Exercise directions
All that is needed is each line of the entries holding the word "where", copied as it stands.

Extracted entries
★ ★ ★ ★ ★
lemma tau_eq_rho_unique:
  assumes c: "1 \<le> c" "c \<le> n - 2" "\<tau> c = \<rho> c" and d: "1 \<le> d" "d \<le> n - 2" "\<tau> d = \<rho> d"
  shows "d = c \<or> d = \<rho> c"
proof (cases "c + d = n - 1")
  case True
  then have "d = \<rho> c"
    using c by (simp add: rho_perm_mid)
  then show ?thesis ..
next
  case False
  define w where "w = (\<sigma> ^^ (n - 1 - c)) (n - 1 - d)"
  have w_sym: "w = (\<sigma> ^^ (n - 1 - d)) (n - 1 - c)"
    unfolding w_def using c d by (simp add: sigma_perm_funpow_commute)
  have "w \<noteq> n - 1"
  proof
    assume "w = n - 1"
    then have "(\<sigma> ^^ (n - 1 - c)) (n - 1 - d) = (\<sigma> ^^ d) (n - 1 - d)"
      unfolding w_def using d sigma_perm_funpow_to_last by simp
    then have "n - 1 - c = d"
      by (rule sigma_perm_funpow_inject[rotated 4]) (use c d in auto)
    with False c show False by simp
  qed
  moreover have "1 \<le> w" "w \<le> n - 1"
    unfolding w_def using d sigma_perm_funpow_range by auto
  ultimately have tau_w: "1 \<le> \<tau> w" "\<tau> w \<le> n - 2"
    using tau_mid by auto
  have "(\<sigma> ^^ (n - 1 - c)) (\<tau> w) = \<tau> ((\<sigma> ^^ c) d)"
    using tau_sigma_relation_at_tau_eq_rho[OF c d] unfolding w_def by simp
  also have "\<dots> = \<tau> ((\<sigma> ^^ d) c)"
    using c d by (simp add: sigma_perm_funpow_commute)
  also have "\<dots> = (\<sigma> ^^ (n - 1 - d)) (\<tau> w)"
    using tau_sigma_relation_at_tau_eq_rho[OF d c] unfolding w_sym by simp
  finally have "n - 1 - c = n - 1 - d"
    by (rule sigma_perm_funpow_inject[rotated 4]) (use c d tau_w in auto)
  then have "d = c"
    using c d by simp
  then show ?thesis ..
qed

lemma perm_orbits_eq: "perm_orbits {\<rho>, \<tau>} {1..n} = orb ` {1..n}"
  by (simp add: perm_orbits_def perm_orbit_eq_orb)

lemma orb_subset_range: "x \<in> {1..n} \<Longrightarrow> orb x \<subseteq> {1..n}"
  unfolding orb_def using tau_in_range rho_perm_in_range[OF n_ge_2] by blast

lemma orb_n_minus_1: "orb (n - 1) = {n - 1, n}"
  unfolding orb_def tau_n tau_n_minus_1 rho_perm_last_two[OF n_ge_2] by auto

lemma card_orb:
  assumes "x \<in> {1..n}"
  shows "card (orb x) = 6 \<or> card (orb x) = 2 \<or> odd n \<and> card (orb x) \<in> {1, 3}"
proof (cases x rule: card_orb_cases)
  case 1
  then obtain y where "y \<in> orb x" "\<rho> y = y" by blast
  then have "odd n"
    using orb_subset_range[OF assms] rho_perm_fixed_iff n_ge_2 by blast
  with 1 show ?thesis by simp
qed simp_all

lemma two_point_orb:
  assumes "x \<in> {1..n}" "card (orb x) = 2"
  shows "orb x = {n - 1, n} \<or> (\<exists>c. 1 \<le> c \<and> c \<le> n - 2 \<and> \<tau> c = \<rho> c \<and> orb x = {c, \<rho> c})"
proof (cases x rule: card_orb_cases)
  case 2
  consider "x = n - 1" | "x = n" | "1 \<le> x \<and> x \<le> n - 2"
    using assms(1) by fastforce
  then show ?thesis
    using 2 orb_n_minus_1 rho_perm_last_two n_ge_2 by cases auto
qed (use assms(2) in auto)

lemma card_two_point_orbits: "card {A \<in> orb ` {1..n}. card A = 2} \<in> {1, 2}"
proof -
  let ?C = "{A \<in> orb ` {1..n}. card A = 2}"
  have two_point: "A = {n - 1, n} \<or> (\<exists>c. 1 \<le> c \<and> c \<le> n - 2 \<and> \<tau> c = \<rho> c \<and> A = {c, \<rho> c})"
    if "A \<in> ?C" for A
    using that two_point_orb by blast
  obtain B where "?C \<subseteq> {{n - 1, n}, B}"
  proof (cases "\<exists>c. 1 \<le> c \<and> c \<le> n - 2 \<and> \<tau> c = \<rho> c")
    case True
    then obtain c where c: "1 \<le> c" "c \<le> n - 2" "\<tau> c = \<rho> c" by blast
    have "{d, \<rho> d} = {c, \<rho> c}" if "1 \<le> d" "d \<le> n - 2" "\<tau> d = \<rho> d" for d
      using tau_eq_rho_unique[OF c that] rho_perm_rho_perm[OF n_ge_2] by auto
    then have "?C \<subseteq> {{n - 1, n}, {c, \<rho> c}}"
      using two_point by blast
    then show ?thesis by (rule that)
  next
    case False
    then have "?C \<subseteq> {{n - 1, n}, {n - 1, n}}"
      using two_point by blast
    then show ?thesis by (rule that)
  qed
  then have "card ?C \<le> card {{n - 1, n}, B}"
    by (intro card_mono) simp_all
  also have "\<dots> \<le> 2"
    by (simp add: card_insert_if)
  finally have "card ?C \<le> 2" .
  moreover have "n - 1 \<in> {1..n}" "card (orb (n - 1)) = 2"
    using n_ge_2 orb_n_minus_1 by auto
  then have "card ?C \<noteq> 0"
    by (auto simp: card_eq_0_iff)
  ultimately have "card ?C = 1 \<or> card ?C = 2"
    by linarith
  then show ?thesis by simp
qed

lemma card_fixed_point_orbits:
  assumes "odd n"
  shows "card {A \<in> orb ` {1..n}. card A \<in> {1, 3}} = 1"
proof -
  define p where "p = (n - 1) div 2"
  have p: "p \<in> {1..n}"
    using assms n_ge_2 unfolding p_def by (auto elim: oddE)
  then have "\<rho> p = p"
    using assms rho_perm_fixed_iff n_ge_2 unfolding p_def by blast
  have "{A \<in> orb ` {1..n}. card A \<in> {1, 3}} = {orb p}"
  proof (intro equalityI subsetI)
    fix A assume "A \<in> {A \<in> orb ` {1..n}. card A \<in> {1, 3}}"
    then obtain x where x: "x \<in> {1..n}" "A = orb x" "card (orb x) \<in> {1, 3}" by auto
    then obtain y where "y \<in> orb x" "\<rho> y = y"
      by (cases x rule: card_orb_cases) auto
    moreover from this have "y = p"
      using orb_subset_range[OF x(1)] rho_perm_fixed_iff n_ge_2 unfolding p_def by blast
    ultimately show "A \<in> {orb p}"
      using x(2) orb_eq by simp
  qed (use p \<open>\<rho> p = p\<close> card_orb_r_fixed in auto)
  then show ?thesis by simp
qed

end

theorem proposition9:
  fixes n :: nat and \<tau> :: "nat \<Rightarrow> nat"
  assumes "n \<ge> 2"
    and "\<tau> permutes {1..n}"
    and "\<tau> \<circ> \<tau> = id" and "\<tau> \<noteq> id"
    and "\<tau> n = n - 1"
    and "\<forall>k \<in> {1..n-2}. \<tau> \<circ> (sigma_perm n ^^ k) \<circ> \<tau>
            = (sigma_perm n ^^ (\<tau> k)) \<circ> \<tau> \<circ> (sigma_perm n ^^ ((\<tau> \<circ> rho_perm n \<circ> \<tau>) k))"
  shows "let Orbs = perm_orbits {rho_perm n, \<tau>} {1..n} in
           card {A \<in> Orbs. card A = 2} \<in> {1, 2}
         \<and> (\<forall>A \<in> Orbs. card A = 6 \<or> card A = 2 \<or> (odd n \<and> card A \<in> {1, 3}))
         \<and> (odd n \<longrightarrow> card {A \<in> Orbs. card A \<in> {1, 3}} = 1)"
proof -
  interpret admissible_tau n \<tau>
    using assms by unfold_locales
  show ?thesis
    unfolding Let_def perm_orbits_eq
    using card_two_point_orbits card_orb card_fixed_point_orbits by auto
qed

end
★ ★ ★ ★ ★
Solution below
  define w where "w = (\<sigma> ^^ (n - 1 - c)) (n - 1 - d)"
  then obtain y where "y \<in> orb x" "\<rho> y = y" by blast
  obtain B where "?C \<subseteq> {{n - 1, n}, B}"
    then obtain c where c: "1 \<le> c" "c \<le> n - 2" "\<tau> c = \<rho> c" by blast
  define p where "p = (n - 1) div 2"
    then obtain x where x: "x \<in> {1..n}" "A = orb x" "card (orb x) \<in> {1, 3}" by auto
    then obtain y where "y \<in> orb x" "\<rho> y = y"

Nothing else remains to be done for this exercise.